# First time trying to make some skeeter pee, need some newbie advice



## MasterBlaster (Jun 19, 2014)

I have two batches of apricot wine going right now and I'd like to use the slurry to start a batch or two of pee. I am a little confused at the process of how to save the active slurry. I was planning on running these to almost completely dry, maybe a few points below dry, which will be around 12% ABV. 

I am using EC-1118, so am I safe to let if go all the way dry and still have active yeast since EC-1118 is rated to go up to around 18%? Also, I have the fruit directly in my must, no bag. I usually filter the must through a strainer to get the fruit out when I rack to carboy. If I do this, will I still have enough yeast in the slurry to proceed to start the pee? And is the slurry basically just everything I would normally leave at the first rack, minus the big chunks of fruit pulp? 

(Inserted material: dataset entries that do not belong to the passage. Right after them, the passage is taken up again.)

(* In the affine setting described in the context, let $\sigma\in(0,1]$ and let $f,\alpha,s:I^q\to\mathbb{R}$ be Hölder continuous with exponent $\sigma$, with $s=f$ at the vertices of $I^q$. Let $a=\min\{|a_{k,i}|:1\le k\le q,\ 1\le i\le M_k\}$ and suppose $\max\{\|\alpha\|_\infty/a^\sigma,\ \|\alpha\|_\infty+[\alpha]_\sigma\}<1$. Let $g^{\alpha^g}:I\to\mathbb{R}$, $g^{\alpha^g}(x)=f^\alpha(x,0,\dots,0)$. Then $g^{\alpha^g}$ is Hölder continuous with exponent $\sigma$, and $$1\le\dim_H\mathcal{G}(g^{\alpha^g})\le\underline{\dim}_B\mathcal{G}(g^{\alpha^g})\le\overline{\dim}_B\mathcal{G}(g^{\alpha^g})\le2-\sigma.$$
   Context: Affine setting: $I=[0,1]$; for each $k\in\{1,\dots,q\}$, $M_k\ge2$ and $0=x_{k,0}<\dots<x_{k,M_k}=1$, $I_{k,i}=[x_{k,i-1},x_{k,i}]$. For $1\le i\le M_k$, $u_{k,i}:I\to I_{k,i}$ is affine, $u_{k,i}(x)=a_{k,i}x+b_{k,i}$, with $a_{k,i}=x_{k,i}-x_{k,i-1}$, $b_{k,i}=x_{k,i-1}$ if $i$ is odd and $a_{k,i}=x_{k,i-1}-x_{k,i}$, $b_{k,i}=x_{k,i}$ if $i$ is even. For $i=(i_1,\dots,i_q)$, $u_i(y)=(u_{1,i_1}(y_1),\dots,u_{q,i_q}(y_q))$. Given $f,\alpha,s\in\mathcal{C}(I^q)$ with $\|\alpha\|_\infty<1$ and $s=f$ at the vertices of $I^q$, the $\alpha$-fractal function $f^\alpha$ is the unique continuous $f^\alpha:I^q\to\mathbb{R}$ with $f^\alpha(x)=f(x)+\alpha(x)[f^\alpha(u_i^{-1}(x))-s(u_i^{-1}(x))]$ for all $i\in\prod_k\{1,\dots,M_k\}$ and $x\in\prod_k I_{k,i_k}$. Hölder: $|h(x)-h(y)|\le K\|x-y\|_2^\sigma$; $[h]_\sigma=\sup_{x\ne y}|h(x)-h(y)|/\|x-y\|_2^\sigma$. $\mathcal{G}(h)$ is the graph of $h$; $\dim_H,\underline{\dim}_B,\overline{\dim}_B$ are Hausdorff, lower box, upper box dimension. *)

theory Defs
  imports "HOL-Analysis.Analysis"
begin

definition holder_on :: "real \<Rightarrow> 'a::metric_space set \<Rightarrow> ('a \<Rightarrow> real) \<Rightarrow> bool" where
  "holder_on \<sigma> S h \<longleftrightarrow> (\<exists>K. \<forall>x\<in>S. \<forall>y\<in>S. \<bar>h x - h y\<bar> \<le> K * dist x y powr \<sigma>)"

definition holder_seminorm :: "real \<Rightarrow> 'a::metric_space set \<Rightarrow> ('a \<Rightarrow> real) \<Rightarrow> real" where
  "holder_seminorm \<sigma> S h = (SUP p\<in>{(x,y). x \<in> S \<and> y \<in> S \<and> x \<noteq> y}.
      \<bar>h (fst p) - h (snd p)\<bar> / dist (fst p) (snd p) powr \<sigma>)"

definition sup_norm_on :: "'a set \<Rightarrow> ('a \<Rightarrow> real) \<Rightarrow> real" where
  "sup_norm_on S h = (SUP x\<in>S. \<bar>h x\<bar>)"

text \<open>Points of I^q are vectors in real^'q (Euclidean norm). For coordinate k,
  xp k 0 < ... < xp k (M k) is the partition.\<close>

definition aff_a :: "('q \<Rightarrow> nat \<Rightarrow> real) \<Rightarrow> 'q \<Rightarrow> nat \<Rightarrow> real" where
  "aff_a xp k i = (if odd i then xp k i - xp k (i - 1) else xp k (i - 1) - xp k i)"

definition aff_b :: "('q \<Rightarrow> nat \<Rightarrow> real) \<Rightarrow> 'q \<Rightarrow> nat \<Rightarrow> real" where
  "aff_b xp k i = (if odd i then xp k (i - 1) else xp k i)"

definition u_map :: "('q::finite \<Rightarrow> nat \<Rightarrow> real) \<Rightarrow> ('q \<Rightarrow> nat) \<Rightarrow> real^'q \<Rightarrow> real^'q" where
  "u_map xp i y = (\<chi> k. aff_a xp k (i k) * y $ k + aff_b xp k (i k))"

definition u_inv :: "('q::finite \<Rightarrow> nat \<Rightarrow> real) \<Rightarrow> ('q \<Rightarrow> nat) \<Rightarrow> real^'q \<Rightarrow> real^'q" where
  "u_inv xp i x = (\<chi> k. (x $ k - aff_b xp k (i k)) / aff_a xp k (i k))"

definition valid_partition :: "('q::finite \<Rightarrow> nat) \<Rightarrow> ('q \<Rightarrow> nat \<Rightarrow> real) \<Rightarrow> bool" where
  "valid_partition M xp \<longleftrightarrow> (\<forall>k. 2 \<le> M k \<and> xp k 0 = 0 \<and> xp k (M k) = 1 \<and>
      (\<forall>i. 1 \<le> i \<and> i \<le> M k \<longrightarrow> xp k (i - 1) < xp k i))"

definition unit_cube :: "(real^'q::finite) set" where
  "unit_cube = cbox 0 One"

definition cube_vertices :: "(real^'q::finite) set" where
  "cube_vertices = {y. \<forall>k. y $ k = 0 \<or> y $ k = 1}"

definition a_min :: "('q::finite \<Rightarrow> nat) \<Rightarrow> ('q \<Rightarrow> nat \<Rightarrow> real) \<Rightarrow> real" where
  "a_min M xp = Min {\<bar>aff_a xp k i\<bar> | k i. 1 \<le> i \<and> i \<le> M k}"

definition is_alpha_fractal ::
  "('q::finite \<Rightarrow> nat) \<Rightarrow> ('q \<Rightarrow> nat \<Rightarrow> real) \<Rightarrow> (real^'q \<Rightarrow> real) \<Rightarrow> (real^'q \<Rightarrow> real)
     \<Rightarrow> (real^'q \<Rightarrow> real) \<Rightarrow> (real^'q \<Rightarrow> real) \<Rightarrow> bool" where
  "is_alpha_fractal M xp f \<alpha> s F \<longleftrightarrow> continuous_on unit_cube F \<and>
     (\<forall>i. (\<forall>k. 1 \<le> i k \<and> i k \<le> M k) \<longrightarrow>
        (\<forall>x. (\<forall>k. xp k (i k - 1) \<le> x $ k \<and> x $ k \<le> xp k (i k)) \<longrightarrow>
           F x = f x + \<alpha> x * (F (u_inv xp i x) - s (u_inv xp i x))))"
lemma irreducible_quadratic_root_not_rational:
  fixes p :: "int poly" and x :: "'a::field_char_0"
  assumes "degree p = 2" and "irreducible p" and "poly (map_poly of_int p) x = 0"
  shows "x \<notin> \<rat>"
proof
  assume "x \<in> \<rat>"
  then obtain u v :: int where "v > 0" "coprime u v" and x: "x = of_int u / of_int v"
    by (rule Rats_cases')
  have "of_int (coeff p 0) + of_int (coeff p 1) * x + of_int (coeff p 2) * x^2 = 0"
    using assms(3) by (simp add: poly_quadratic[OF assms(1)])
  then have "of_int (coeff p 2 * u^2 + coeff p 1 * u * v + coeff p 0 * v^2) = (0 :: 'a)"
    using \<open>v > 0\<close> unfolding x by (simp add: field_simps power2_eq_square)
  then have "coeff p 2 * u^2 + coeff p 1 * u * v + coeff p 0 * v^2 = 0"
    by (simp only: of_int_eq_0_iff)
  then obtain s t where "[:coeff p 0, coeff p 1, coeff p 2:] = [:-u, v:] * [:s, t:]"
    using linear_factor_of_rational_root[of v u] \<open>v > 0\<close> \<open>coprime u v\<close> by blast
  with quadratic_eq_pCons[OF assms(1)] have factor: "p = [:-u, v:] * [:s, t:]"
    by (rule trans)
  have "t \<noteq> 0"
  proof
    assume "t = 0"
    then have "degree p \<le> 1"
      using factor degree_mult_le[of "[:-u, v:]" "[:s, t:]"] by simp
    with assms(1) show False
      by simp
  qed
  moreover have "is_unit [:-u, v:] \<or> is_unit [:s, t:]"
    using assms(2) factor irreducibleD by blast
  ultimately show False
    using \<open>v > 0\<close> by (auto simp: is_unit_poly_iff)
qed

(* The pseudo-remainder of h modulo p is linear and vanishes at the irrational x, hence is zero. *)

lemma int_poly_root_conjugate:
  fixes p h :: "int poly" and x y :: "'a::field_char_0"
  assumes deg: "degree p = 2" and "x \<notin> \<rat>"
    and px: "poly (map_poly of_int p) x = 0" and py: "poly (map_poly of_int p) y = 0"
    and hx: "poly (map_poly of_int h) x = 0"
  shows "poly (map_poly of_int h) y = 0"
proof -
  define r where "r = pseudo_mod h p"
  have "p \<noteq> 0"
    using deg by auto
  then obtain k q where "k \<noteq> 0" and division: "smult k h = p * q + r"
    using pseudo_mod(1) unfolding r_def by blast
  have "r = 0 \<or> degree r < 2"
    using pseudo_mod(2)[OF \<open>p \<noteq> 0\<close>] deg unfolding r_def by simp
  then have r: "r = [:coeff r 0, coeff r 1:]"
    by (intro poly_eqI) (auto simp: coeff_pCons coeff_eq_0 split: nat.split)
  have eval: "of_int k * poly (map_poly of_int h) z =
      poly (map_poly of_int p) z * poly (map_poly of_int q) z + (of_int (coeff r 0) + of_int (coeff r 1) * z)"
    for z :: 'a
  proof -
    have "poly (map_poly of_int (smult k h)) z = poly (map_poly of_int (p * q + r)) z"
      using division by simp
    then show ?thesis
      by (subst (asm) r) (simp add: map_poly_smult map_poly_of_int_add map_poly_of_int_mult map_poly_pCons)
  qed
  have r_x: "of_int (coeff r 0) + of_int (coeff r 1) * x = 0"
    using eval[of x] px hx by simp
  have "coeff r 1 = 0"
  proof (rule ccontr)
    assume "coeff r 1 \<noteq> 0"
    with r_x have "x = - of_int (coeff r 0) / of_int (coeff r 1)"
      by (simp add: field_simps eq_neg_iff_add_eq_0 add.commute)
    with \<open>x \<notin> \<rat>\<close> show False
      by simp
  qed
  with r_x have "coeff r 0 = 0"
    by simp
  with \<open>coeff r 1 = 0\<close> \<open>k \<noteq> 0\<close> show ?thesis
    using eval[of y] py by simp
qed

lemma finite_representations_of_conjugate:
  fixes p :: "int poly" and x y :: real
  assumes "degree p = 2" and "x \<notin> \<rat>"
    and "poly (map_poly of_int p) x = 0" and "poly (map_poly of_int p) y = 0" and "y > 1"
  shows "finite (representations x \<alpha>)"
proof (cases "representations x \<alpha> = {}")
  case False
  then obtain f0 where f0: "f0 \<in> representations x \<alpha>"
    by blast
  have "representations x \<alpha> \<subseteq> representations y (poly (map_poly of_nat f0) y)"
  proof
    fix f assume f: "f \<in> representations x \<alpha>"
    define h where "h = map_poly int f - map_poly int f0"
    have h: "poly (map_poly of_int h) z = poly (map_poly of_nat f) z - poly (map_poly of_nat f0) z"
      for z :: real
      by (simp add: h_def map_poly_of_int_diff map_poly_map_poly o_def)
    have "poly (map_poly of_int h) x = 0"
      using f f0 by (simp add: h representations_def)
    then have "poly (map_poly of_int h) y = 0"
      using int_poly_root_conjugate assms(1-4) by blast
    then show "f \<in> representations y (poly (map_poly of_nat f0) y)"
      by (simp add: h representations_def)
  qed
  then show ?thesis
    using finite_representations[OF \<open>y > 1\<close>] by (rule finite_subset)
qed simp

lemma quadratic_vieta:
  fixes p :: "int poly" and x y :: "'a::field_char_0"
  assumes "degree p = 2" and "poly (map_poly of_int p) x = 0" and "poly (map_poly of_int p) y = 0"
    and "x \<noteq> y"
  shows "of_int (coeff p 1) = - of_int (coeff p 2) * (x + y)"
    and "of_int (coeff p 0) = of_int (coeff p 2) * x * y"
proof -
  have "(x - y) * (of_int (coeff p 2) * (x + y) + of_int (coeff p 1)) =
      poly (map_poly of_int p) x - poly (map_poly of_int p) y"
    by (simp add: poly_quadratic[OF assms(1)] algebra_simps power2_eq_square)
  with assms(2-4) show sum: "of_int (coeff p 1) = - of_int (coeff p 2) * (x + y)"
    by (simp add: eq_neg_iff_add_eq_0 add.commute)
  show "of_int (coeff p 0) = of_int (coeff p 2) * x * y"
    using assms(2) unfolding poly_quadratic[OF assms(1)] sum
    by (simp add: algebra_simps power2_eq_square eq_neg_iff_add_eq_0)
qed

lemma power_sum_mult_in_Ints:
  fixes x y :: "'a::comm_ring_1"
  assumes b: "of_int b = - of_int a * (x + y)" and c: "of_int c = of_int a * x * y"
  shows "of_int a ^ n * (x ^ n + y ^ n) \<in> \<int>"
proof (induction n rule: induct_nat_012)
  case 0
  show ?case
    by simp
next
  case 1
  have "of_int a * (x + y) = - (of_int b :: 'a)"
    by (simp add: b)
  then show ?case
    by simp
next
  case (ge2 n)
  have "of_int a ^ Suc (Suc n) * (x ^ Suc (Suc n) + y ^ Suc (Suc n)) =
      - of_int b * (of_int a ^ Suc n * (x ^ Suc n + y ^ Suc n))
      - of_int a * of_int c * (of_int a ^ n * (x ^ n + y ^ n))"
    unfolding b c by (simp add: algebra_simps)
  then show ?case
    using ge2.IH by (simp add: Ints_diff Ints_mult)
qed

lemma exists_power_sum_le_1:
  fixes x y :: real
  assumes "x < 1" and "y < 1"
  obtains m where "m \<ge> 1" and "x ^ m < 1" and "y ^ m < 1" and "x ^ m + y ^ m \<le> 1"
proof (cases "x + y \<le> 1")
  case True
  then show ?thesis
    using that[of 1] assms by simp
next
  case False
  with assms have "\<bar>x\<bar> < 1" and "\<bar>y\<bar> < 1"
    by linarith+
  then have "\<forall>\<^sub>F m in sequentially. x ^ m < 1/2" and "\<forall>\<^sub>F m in sequentially. y ^ m < 1/2"
    using order_tendstoD(2)[OF LIMSEQ_power_zero[of x], of "1/2"]
      order_tendstoD(2)[OF LIMSEQ_power_zero[of y], of "1/2"] by simp_all
  then have "\<forall>\<^sub>F m in sequentially. m \<ge> 1 \<and> x ^ m < 1/2 \<and> y ^ m < 1/2"
    using eventually_ge_at_top[of 1] by eventually_elim auto
  then show ?thesis
    using that by (auto simp: eventually_sequentially)
qed

lemma quadratic_mult_geometric_sum:
  fixes \<rho> A B C :: "'a::comm_ring_1"
  shows "(C + B * \<rho> + A * \<rho>^2) * (\<Sum>k\<le>n+1. \<rho>^k) =
    C + (B + C) * \<rho> + (A + B + C) * (\<Sum>k=2..n+1. \<rho>^k) + (A + B) * \<rho>^(n+2) + A * \<rho>^(n+3)"
proof (induction n)
  case 0
  show ?case
    by (simp add: algebra_simps power2_eq_square power3_eq_cube)
next
  case (Suc n)
  have sums: "(\<Sum>k\<le>Suc n+1. \<rho>^k) = (\<Sum>k\<le>n+1. \<rho>^k) + \<rho>^(n+2)"
    "(\<Sum>k=2..Suc n+1. \<rho>^k) = (\<Sum>k=2..n+1. \<rho>^k) + \<rho>^(n+2)"
    by (simp_all add: sum.cl_ivl_Suc)
  define S T r where "S = (\<Sum>k\<le>n+1. \<rho>^k)" and "T = (\<Sum>k=2..n+1. \<rho>^k)" and "r = \<rho>^(n+2)"
  have powers: "\<rho>^(n+3) = r * \<rho>" "\<rho>^(Suc n+2) = r * \<rho>" "\<rho>^(Suc n+3) = r * \<rho> * \<rho>"
    by (simp_all add: r_def eval_nat_numeral)
  have IH: "(C + B * \<rho> + A * \<rho>^2) * S = C + (B + C) * \<rho> + (A + B + C) * T + (A + B) * r + A * (r * \<rho>)"
    using Suc.IH unfolding powers(1) S_def[symmetric] T_def[symmetric] r_def[symmetric] .
  show ?case
    unfolding sums powers S_def[symmetric] T_def[symmetric] r_def[symmetric] distrib_left IH
    by (simp add: algebra_simps power2_eq_square)
qed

Sorry for the basic questions, I am just really excited to make this after two years of talking about it, and I don't want to mess it up. Thanks for any help I can get.


----------



## Arne (Jun 19, 2014)

Yep, the slurry is everything minus the chunks. I would just leave it in the primary, add my water, lemon juice ( I start it with one bottle, add the rest as time goes on) energizer, tannin, etc. and the sugar. Let it go. I usually start it right after racking off the wine. Takes off quick every time and only have to clean the primary when the s.p. gets done. BTW, it is pretty hard to screw up bad. Don't over think it, it is easy. Good luck with it, Arne.


----------



## MasterBlaster (Jun 20, 2014)

Cool, thanks for the assurance. I am really looking forward to this for the summer. I'm sure I'll be back to ask some more questions in the next few days as I prepare to start! Thanks again.


----------